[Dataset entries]

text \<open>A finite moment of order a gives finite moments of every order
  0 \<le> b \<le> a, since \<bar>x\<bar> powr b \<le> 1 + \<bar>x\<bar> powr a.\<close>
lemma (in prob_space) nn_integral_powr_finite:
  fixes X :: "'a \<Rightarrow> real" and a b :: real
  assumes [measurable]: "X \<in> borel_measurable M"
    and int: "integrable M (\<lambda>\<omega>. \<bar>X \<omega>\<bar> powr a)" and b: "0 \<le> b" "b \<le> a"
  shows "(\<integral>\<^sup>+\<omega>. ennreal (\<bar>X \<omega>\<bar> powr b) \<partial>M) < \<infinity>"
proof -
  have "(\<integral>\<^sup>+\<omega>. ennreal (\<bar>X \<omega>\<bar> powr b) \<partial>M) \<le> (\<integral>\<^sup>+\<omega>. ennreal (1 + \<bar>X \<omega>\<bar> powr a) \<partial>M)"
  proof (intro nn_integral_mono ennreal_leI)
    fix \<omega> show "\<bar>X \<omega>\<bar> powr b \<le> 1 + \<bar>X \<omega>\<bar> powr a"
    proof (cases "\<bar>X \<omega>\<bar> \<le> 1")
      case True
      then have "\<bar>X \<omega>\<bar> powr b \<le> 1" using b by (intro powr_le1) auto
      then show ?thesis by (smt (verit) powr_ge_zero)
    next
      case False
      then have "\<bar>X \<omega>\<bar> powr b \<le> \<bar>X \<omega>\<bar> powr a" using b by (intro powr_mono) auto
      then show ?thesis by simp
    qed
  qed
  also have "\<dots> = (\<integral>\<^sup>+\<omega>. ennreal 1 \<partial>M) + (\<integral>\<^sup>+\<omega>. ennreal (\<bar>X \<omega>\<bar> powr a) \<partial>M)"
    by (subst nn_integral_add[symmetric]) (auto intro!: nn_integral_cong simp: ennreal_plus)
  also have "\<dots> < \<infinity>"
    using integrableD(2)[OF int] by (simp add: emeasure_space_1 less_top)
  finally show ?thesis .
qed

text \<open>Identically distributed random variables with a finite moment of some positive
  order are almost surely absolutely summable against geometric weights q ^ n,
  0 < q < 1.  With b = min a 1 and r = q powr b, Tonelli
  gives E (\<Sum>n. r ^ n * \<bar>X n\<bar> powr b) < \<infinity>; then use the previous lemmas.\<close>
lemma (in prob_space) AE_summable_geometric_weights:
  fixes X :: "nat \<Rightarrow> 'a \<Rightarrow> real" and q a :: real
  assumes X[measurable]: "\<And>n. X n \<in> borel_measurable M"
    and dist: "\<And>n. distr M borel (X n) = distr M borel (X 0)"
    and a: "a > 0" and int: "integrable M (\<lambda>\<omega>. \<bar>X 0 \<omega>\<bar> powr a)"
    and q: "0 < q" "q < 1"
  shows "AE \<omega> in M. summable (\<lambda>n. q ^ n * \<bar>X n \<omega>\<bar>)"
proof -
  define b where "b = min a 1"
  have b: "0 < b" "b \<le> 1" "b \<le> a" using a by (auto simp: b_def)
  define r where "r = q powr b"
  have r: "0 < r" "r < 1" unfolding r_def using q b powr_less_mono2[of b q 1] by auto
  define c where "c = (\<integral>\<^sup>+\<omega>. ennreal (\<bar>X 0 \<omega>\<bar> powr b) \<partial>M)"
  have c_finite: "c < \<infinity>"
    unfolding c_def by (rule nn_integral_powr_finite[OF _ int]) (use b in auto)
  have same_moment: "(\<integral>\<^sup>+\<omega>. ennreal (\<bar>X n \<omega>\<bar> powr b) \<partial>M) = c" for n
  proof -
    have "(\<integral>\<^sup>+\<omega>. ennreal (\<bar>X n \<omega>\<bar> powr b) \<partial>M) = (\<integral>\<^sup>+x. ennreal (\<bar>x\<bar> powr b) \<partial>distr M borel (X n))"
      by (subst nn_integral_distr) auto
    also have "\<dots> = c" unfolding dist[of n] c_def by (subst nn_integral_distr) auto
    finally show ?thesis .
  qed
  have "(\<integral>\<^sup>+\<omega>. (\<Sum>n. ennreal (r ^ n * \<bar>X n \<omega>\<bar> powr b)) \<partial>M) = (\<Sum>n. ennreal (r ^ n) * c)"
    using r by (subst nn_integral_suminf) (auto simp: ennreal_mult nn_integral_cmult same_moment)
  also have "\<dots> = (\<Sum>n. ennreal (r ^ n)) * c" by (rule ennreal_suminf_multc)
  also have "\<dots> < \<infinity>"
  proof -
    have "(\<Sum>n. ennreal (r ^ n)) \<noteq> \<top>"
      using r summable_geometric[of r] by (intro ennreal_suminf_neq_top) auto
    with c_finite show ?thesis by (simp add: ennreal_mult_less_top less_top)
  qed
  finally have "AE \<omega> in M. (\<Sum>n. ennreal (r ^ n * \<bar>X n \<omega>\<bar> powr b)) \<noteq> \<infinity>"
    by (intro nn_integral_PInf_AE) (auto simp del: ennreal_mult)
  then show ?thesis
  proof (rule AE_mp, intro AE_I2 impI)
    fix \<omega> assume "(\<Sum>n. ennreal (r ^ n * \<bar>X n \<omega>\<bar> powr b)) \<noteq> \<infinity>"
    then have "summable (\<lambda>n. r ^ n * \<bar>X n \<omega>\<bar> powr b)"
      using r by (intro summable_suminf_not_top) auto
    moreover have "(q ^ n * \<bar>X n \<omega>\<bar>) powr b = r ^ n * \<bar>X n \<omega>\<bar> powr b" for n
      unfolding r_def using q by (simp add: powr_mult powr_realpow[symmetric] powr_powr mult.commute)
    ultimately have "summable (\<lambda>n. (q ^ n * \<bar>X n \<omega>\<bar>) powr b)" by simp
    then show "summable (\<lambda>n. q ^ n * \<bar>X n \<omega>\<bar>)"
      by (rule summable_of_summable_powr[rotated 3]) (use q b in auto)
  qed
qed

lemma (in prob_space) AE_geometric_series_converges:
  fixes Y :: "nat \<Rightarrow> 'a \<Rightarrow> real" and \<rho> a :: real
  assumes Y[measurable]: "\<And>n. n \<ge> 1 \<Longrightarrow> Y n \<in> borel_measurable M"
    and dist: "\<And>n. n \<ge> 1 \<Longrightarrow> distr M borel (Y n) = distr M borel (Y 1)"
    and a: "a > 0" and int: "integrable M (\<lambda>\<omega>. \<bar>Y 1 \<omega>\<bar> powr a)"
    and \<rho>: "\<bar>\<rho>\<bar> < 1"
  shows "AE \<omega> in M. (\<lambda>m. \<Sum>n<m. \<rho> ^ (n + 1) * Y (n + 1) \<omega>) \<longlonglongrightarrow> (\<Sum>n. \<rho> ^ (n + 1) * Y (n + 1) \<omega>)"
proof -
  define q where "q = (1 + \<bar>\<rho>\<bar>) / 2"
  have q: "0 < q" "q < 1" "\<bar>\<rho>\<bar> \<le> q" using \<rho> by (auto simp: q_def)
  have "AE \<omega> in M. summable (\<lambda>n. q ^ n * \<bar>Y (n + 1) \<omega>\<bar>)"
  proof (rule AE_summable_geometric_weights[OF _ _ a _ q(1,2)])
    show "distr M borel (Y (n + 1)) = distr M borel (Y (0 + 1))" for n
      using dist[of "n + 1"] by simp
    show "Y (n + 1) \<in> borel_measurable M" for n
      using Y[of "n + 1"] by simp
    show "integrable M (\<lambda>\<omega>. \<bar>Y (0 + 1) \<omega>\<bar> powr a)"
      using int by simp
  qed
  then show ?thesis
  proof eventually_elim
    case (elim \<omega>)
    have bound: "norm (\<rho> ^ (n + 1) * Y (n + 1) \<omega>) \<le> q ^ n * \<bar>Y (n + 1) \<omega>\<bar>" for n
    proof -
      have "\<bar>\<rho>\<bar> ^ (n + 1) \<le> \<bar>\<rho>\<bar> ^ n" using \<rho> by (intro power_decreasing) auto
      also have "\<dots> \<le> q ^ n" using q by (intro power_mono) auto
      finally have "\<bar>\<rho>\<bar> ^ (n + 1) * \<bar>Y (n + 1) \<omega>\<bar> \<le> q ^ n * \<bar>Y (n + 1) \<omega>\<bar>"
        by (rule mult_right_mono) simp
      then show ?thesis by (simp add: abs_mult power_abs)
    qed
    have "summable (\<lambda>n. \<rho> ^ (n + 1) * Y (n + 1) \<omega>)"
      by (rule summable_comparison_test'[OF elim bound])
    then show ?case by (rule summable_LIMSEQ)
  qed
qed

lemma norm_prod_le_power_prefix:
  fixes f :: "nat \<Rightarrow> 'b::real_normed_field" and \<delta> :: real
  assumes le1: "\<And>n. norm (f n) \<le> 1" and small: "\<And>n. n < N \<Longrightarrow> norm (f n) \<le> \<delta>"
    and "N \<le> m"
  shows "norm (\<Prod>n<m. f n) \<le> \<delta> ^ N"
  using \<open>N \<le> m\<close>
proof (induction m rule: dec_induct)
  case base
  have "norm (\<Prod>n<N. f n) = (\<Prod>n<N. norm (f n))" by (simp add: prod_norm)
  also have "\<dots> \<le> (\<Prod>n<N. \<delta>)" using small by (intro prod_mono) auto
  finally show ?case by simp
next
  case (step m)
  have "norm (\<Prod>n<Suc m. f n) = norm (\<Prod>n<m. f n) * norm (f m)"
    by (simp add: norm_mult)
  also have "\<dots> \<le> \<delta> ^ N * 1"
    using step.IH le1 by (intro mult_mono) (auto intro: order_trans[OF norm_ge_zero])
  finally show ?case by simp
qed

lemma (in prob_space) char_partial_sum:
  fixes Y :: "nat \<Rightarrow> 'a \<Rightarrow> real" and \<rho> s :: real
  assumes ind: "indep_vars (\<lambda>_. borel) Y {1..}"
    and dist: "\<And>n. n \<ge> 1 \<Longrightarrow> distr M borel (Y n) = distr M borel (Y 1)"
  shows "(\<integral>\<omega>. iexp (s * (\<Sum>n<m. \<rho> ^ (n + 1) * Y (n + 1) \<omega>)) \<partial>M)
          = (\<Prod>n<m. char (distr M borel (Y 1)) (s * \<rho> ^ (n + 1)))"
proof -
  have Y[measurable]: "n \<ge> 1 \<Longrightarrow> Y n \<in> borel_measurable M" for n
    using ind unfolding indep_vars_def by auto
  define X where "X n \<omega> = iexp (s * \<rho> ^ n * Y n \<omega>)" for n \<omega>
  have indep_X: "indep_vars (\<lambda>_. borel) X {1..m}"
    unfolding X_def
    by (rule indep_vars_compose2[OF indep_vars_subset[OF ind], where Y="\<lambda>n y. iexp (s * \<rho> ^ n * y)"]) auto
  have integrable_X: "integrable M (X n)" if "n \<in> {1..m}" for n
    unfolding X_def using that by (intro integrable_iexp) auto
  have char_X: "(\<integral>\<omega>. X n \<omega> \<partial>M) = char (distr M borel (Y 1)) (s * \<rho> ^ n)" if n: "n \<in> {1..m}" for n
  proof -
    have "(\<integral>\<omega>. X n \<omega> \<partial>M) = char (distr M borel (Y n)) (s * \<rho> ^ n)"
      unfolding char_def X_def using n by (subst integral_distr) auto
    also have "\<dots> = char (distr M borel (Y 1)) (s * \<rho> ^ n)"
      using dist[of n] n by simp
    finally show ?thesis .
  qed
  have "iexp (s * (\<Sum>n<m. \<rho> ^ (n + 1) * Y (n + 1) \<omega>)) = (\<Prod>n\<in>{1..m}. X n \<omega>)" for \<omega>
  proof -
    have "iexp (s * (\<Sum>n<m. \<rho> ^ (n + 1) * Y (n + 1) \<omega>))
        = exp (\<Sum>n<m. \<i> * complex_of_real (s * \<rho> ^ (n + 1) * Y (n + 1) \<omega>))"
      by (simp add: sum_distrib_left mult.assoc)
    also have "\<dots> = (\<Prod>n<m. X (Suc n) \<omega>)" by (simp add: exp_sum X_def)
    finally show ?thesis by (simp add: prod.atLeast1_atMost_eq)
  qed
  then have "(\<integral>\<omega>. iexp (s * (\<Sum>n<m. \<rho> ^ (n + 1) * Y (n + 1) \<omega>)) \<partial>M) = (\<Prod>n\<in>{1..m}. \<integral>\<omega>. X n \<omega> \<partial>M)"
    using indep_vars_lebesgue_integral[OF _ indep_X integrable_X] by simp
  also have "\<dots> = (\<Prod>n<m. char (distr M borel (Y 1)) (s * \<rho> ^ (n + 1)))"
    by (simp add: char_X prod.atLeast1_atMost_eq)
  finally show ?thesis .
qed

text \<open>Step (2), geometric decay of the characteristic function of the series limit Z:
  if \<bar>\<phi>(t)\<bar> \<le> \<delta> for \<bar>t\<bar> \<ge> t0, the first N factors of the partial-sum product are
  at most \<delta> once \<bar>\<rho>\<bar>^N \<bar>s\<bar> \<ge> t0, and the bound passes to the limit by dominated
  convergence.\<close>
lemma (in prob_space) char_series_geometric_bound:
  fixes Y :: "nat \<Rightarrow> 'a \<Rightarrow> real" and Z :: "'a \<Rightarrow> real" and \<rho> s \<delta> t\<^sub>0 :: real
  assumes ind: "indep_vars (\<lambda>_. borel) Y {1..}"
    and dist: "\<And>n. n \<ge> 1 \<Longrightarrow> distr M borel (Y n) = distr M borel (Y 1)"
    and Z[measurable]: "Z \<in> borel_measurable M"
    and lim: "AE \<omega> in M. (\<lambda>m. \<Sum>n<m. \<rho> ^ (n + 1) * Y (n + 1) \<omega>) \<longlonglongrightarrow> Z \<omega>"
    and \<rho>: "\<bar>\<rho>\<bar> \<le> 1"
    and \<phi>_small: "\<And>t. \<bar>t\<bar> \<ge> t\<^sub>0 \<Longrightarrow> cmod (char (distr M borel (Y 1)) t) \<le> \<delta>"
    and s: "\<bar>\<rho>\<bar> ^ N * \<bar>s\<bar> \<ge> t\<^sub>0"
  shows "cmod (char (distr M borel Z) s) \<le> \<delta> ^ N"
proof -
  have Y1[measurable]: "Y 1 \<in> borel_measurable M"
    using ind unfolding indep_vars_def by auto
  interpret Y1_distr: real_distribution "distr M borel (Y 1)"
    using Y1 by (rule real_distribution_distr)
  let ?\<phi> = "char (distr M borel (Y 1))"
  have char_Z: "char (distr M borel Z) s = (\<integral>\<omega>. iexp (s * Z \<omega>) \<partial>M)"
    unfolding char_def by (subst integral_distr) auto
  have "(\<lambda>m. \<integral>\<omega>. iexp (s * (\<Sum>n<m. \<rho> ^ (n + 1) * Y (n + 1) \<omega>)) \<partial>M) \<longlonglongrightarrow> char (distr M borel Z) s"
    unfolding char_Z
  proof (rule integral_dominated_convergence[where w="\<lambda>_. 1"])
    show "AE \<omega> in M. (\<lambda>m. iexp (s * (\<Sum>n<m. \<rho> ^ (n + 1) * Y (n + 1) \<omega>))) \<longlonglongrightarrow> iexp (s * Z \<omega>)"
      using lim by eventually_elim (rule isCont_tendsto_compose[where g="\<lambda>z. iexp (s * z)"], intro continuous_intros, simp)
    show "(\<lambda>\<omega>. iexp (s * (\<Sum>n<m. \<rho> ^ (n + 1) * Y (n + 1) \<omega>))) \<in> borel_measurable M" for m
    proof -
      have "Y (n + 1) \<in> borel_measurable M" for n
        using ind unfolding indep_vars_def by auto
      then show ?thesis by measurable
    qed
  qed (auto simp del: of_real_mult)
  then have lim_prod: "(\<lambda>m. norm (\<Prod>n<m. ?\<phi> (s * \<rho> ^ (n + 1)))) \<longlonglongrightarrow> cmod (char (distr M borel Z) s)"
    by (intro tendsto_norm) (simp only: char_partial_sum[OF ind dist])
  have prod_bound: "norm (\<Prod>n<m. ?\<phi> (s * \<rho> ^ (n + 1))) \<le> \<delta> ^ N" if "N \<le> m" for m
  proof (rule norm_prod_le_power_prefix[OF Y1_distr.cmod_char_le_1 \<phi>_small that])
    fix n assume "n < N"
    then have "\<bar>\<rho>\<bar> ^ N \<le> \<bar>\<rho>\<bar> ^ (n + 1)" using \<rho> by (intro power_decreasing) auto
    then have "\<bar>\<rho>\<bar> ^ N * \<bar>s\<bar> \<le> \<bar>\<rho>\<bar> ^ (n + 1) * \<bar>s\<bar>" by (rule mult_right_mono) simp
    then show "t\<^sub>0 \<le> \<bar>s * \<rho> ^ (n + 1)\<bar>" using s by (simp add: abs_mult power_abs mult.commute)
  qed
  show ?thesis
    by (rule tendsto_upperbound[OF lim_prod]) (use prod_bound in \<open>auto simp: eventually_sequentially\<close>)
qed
---
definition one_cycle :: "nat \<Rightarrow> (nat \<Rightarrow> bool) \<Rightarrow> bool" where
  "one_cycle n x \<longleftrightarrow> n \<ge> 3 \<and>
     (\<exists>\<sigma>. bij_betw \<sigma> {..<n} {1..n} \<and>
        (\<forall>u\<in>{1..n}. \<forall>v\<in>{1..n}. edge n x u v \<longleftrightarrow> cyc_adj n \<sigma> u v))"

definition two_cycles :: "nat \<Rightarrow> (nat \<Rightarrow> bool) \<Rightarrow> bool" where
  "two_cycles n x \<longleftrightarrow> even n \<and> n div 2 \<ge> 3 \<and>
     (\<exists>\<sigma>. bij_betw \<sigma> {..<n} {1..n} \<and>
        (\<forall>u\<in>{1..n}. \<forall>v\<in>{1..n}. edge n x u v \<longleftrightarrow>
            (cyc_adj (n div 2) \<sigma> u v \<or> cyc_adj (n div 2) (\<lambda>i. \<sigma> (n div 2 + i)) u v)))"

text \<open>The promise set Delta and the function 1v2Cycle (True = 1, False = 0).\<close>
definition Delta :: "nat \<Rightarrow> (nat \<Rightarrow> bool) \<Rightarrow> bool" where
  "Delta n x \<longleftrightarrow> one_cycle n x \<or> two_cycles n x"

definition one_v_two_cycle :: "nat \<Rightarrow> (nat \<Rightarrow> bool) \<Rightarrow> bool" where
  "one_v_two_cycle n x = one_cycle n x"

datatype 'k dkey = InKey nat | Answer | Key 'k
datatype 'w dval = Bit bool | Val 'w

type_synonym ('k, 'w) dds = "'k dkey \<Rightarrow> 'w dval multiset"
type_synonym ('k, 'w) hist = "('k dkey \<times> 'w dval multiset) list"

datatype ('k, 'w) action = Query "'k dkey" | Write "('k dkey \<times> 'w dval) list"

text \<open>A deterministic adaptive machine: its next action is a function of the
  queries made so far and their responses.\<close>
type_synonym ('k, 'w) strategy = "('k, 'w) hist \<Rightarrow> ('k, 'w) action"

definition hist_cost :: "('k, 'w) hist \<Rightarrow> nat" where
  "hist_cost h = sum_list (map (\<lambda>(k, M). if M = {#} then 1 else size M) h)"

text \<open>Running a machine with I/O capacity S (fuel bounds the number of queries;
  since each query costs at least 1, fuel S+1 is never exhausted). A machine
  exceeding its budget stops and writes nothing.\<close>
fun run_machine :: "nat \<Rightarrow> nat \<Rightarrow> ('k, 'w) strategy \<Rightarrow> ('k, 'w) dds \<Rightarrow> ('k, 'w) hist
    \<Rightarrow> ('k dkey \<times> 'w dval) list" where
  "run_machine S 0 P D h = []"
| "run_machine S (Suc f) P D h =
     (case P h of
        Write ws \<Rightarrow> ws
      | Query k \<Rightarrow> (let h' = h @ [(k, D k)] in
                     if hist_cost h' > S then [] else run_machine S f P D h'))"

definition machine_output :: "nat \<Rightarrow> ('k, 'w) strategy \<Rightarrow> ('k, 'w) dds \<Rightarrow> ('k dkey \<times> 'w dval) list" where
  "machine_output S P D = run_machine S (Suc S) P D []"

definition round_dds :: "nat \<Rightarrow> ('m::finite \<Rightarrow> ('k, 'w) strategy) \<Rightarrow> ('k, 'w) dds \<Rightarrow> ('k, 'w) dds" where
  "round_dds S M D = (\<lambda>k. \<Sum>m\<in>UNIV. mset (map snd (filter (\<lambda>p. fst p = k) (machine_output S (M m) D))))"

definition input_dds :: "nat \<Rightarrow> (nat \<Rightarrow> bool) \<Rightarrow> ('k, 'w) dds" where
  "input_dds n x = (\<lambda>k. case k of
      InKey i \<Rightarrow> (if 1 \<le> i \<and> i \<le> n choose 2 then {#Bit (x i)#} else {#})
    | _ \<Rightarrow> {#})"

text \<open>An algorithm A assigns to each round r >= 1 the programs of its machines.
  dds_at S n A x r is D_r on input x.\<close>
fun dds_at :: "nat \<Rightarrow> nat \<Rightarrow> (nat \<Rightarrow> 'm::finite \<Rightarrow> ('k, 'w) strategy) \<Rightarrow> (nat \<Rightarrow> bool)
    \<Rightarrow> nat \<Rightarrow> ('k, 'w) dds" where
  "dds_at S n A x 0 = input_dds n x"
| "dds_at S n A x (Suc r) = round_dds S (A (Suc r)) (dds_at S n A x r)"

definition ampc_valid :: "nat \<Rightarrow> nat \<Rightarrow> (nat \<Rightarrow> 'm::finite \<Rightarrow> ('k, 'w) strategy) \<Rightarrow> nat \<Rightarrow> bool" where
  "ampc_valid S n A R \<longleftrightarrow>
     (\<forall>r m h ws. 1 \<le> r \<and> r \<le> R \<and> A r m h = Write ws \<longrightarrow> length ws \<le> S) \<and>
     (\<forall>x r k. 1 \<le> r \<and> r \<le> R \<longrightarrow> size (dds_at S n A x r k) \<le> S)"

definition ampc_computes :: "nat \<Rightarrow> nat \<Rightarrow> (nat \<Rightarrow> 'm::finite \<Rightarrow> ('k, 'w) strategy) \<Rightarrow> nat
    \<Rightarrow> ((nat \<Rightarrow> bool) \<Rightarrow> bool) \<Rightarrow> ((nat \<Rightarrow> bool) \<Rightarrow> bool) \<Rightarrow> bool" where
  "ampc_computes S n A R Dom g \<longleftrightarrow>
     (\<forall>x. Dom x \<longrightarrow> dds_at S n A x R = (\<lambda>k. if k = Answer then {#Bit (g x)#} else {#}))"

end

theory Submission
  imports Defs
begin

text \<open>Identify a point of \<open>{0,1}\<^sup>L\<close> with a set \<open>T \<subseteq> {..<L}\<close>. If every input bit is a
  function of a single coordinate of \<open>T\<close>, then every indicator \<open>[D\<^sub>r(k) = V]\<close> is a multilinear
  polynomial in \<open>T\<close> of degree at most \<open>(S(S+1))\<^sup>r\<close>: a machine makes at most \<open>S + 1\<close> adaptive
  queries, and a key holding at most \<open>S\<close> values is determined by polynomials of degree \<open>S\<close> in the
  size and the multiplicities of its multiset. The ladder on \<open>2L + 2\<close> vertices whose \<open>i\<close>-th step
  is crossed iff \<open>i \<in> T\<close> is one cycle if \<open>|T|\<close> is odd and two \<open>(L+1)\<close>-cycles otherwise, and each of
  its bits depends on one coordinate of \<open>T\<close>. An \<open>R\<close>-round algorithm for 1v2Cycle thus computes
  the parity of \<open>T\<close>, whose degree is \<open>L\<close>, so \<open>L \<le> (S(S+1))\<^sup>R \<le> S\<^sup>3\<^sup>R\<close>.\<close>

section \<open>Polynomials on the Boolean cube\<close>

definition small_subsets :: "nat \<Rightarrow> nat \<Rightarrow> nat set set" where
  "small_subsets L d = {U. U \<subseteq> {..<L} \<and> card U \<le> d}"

- [What is being asked]: Which lines above run from the one containing "text \<open>A finite" down to the one containing "(\<integral>\<^sup>+\<omega>. ennreal 1"? Repeat exactly those, both ends included, and nothing else.

- [Output below]:
text \<open>A finite moment of order a gives finite moments of every order
  0 \<le> b \<le> a, since \<bar>x\<bar> powr b \<le> 1 + \<bar>x\<bar> powr a.\<close>
lemma (in prob_space) nn_integral_powr_finite:
  fixes X :: "'a \<Rightarrow> real" and a b :: real
  assumes [measurable]: "X \<in> borel_measurable M"
    and int: "integrable M (\<lambda>\<omega>. \<bar>X \<omega>\<bar> powr a)" and b: "0 \<le> b" "b \<le> a"
  shows "(\<integral>\<^sup>+\<omega>. ennreal (\<bar>X \<omega>\<bar> powr b) \<partial>M) < \<infinity>"
proof -
  have "(\<integral>\<^sup>+\<omega>. ennreal (\<bar>X \<omega>\<bar> powr b) \<partial>M) \<le> (\<integral>\<^sup>+\<omega>. ennreal (1 + \<bar>X \<omega>\<bar> powr a) \<partial>M)"
  proof (intro nn_integral_mono ennreal_leI)
    fix \<omega> show "\<bar>X \<omega>\<bar> powr b \<le> 1 + \<bar>X \<omega>\<bar> powr a"
    proof (cases "\<bar>X \<omega>\<bar> \<le> 1")
      case True
      then have "\<bar>X \<omega>\<bar> powr b \<le> 1" using b by (intro powr_le1) auto
      then show ?thesis by (smt (verit) powr_ge_zero)
    next
      case False
      then have "\<bar>X \<omega>\<bar> powr b \<le> \<bar>X \<omega>\<bar> powr a" using b by (intro powr_mono) auto
      then show ?thesis by simp
    qed
  qed
  also have "\<dots> = (\<integral>\<^sup>+\<omega>. ennreal 1 \<partial>M) + (\<integral>\<^sup>+\<omega>. ennreal (\<bar>X \<omega>\<bar> powr a) \<partial>M)"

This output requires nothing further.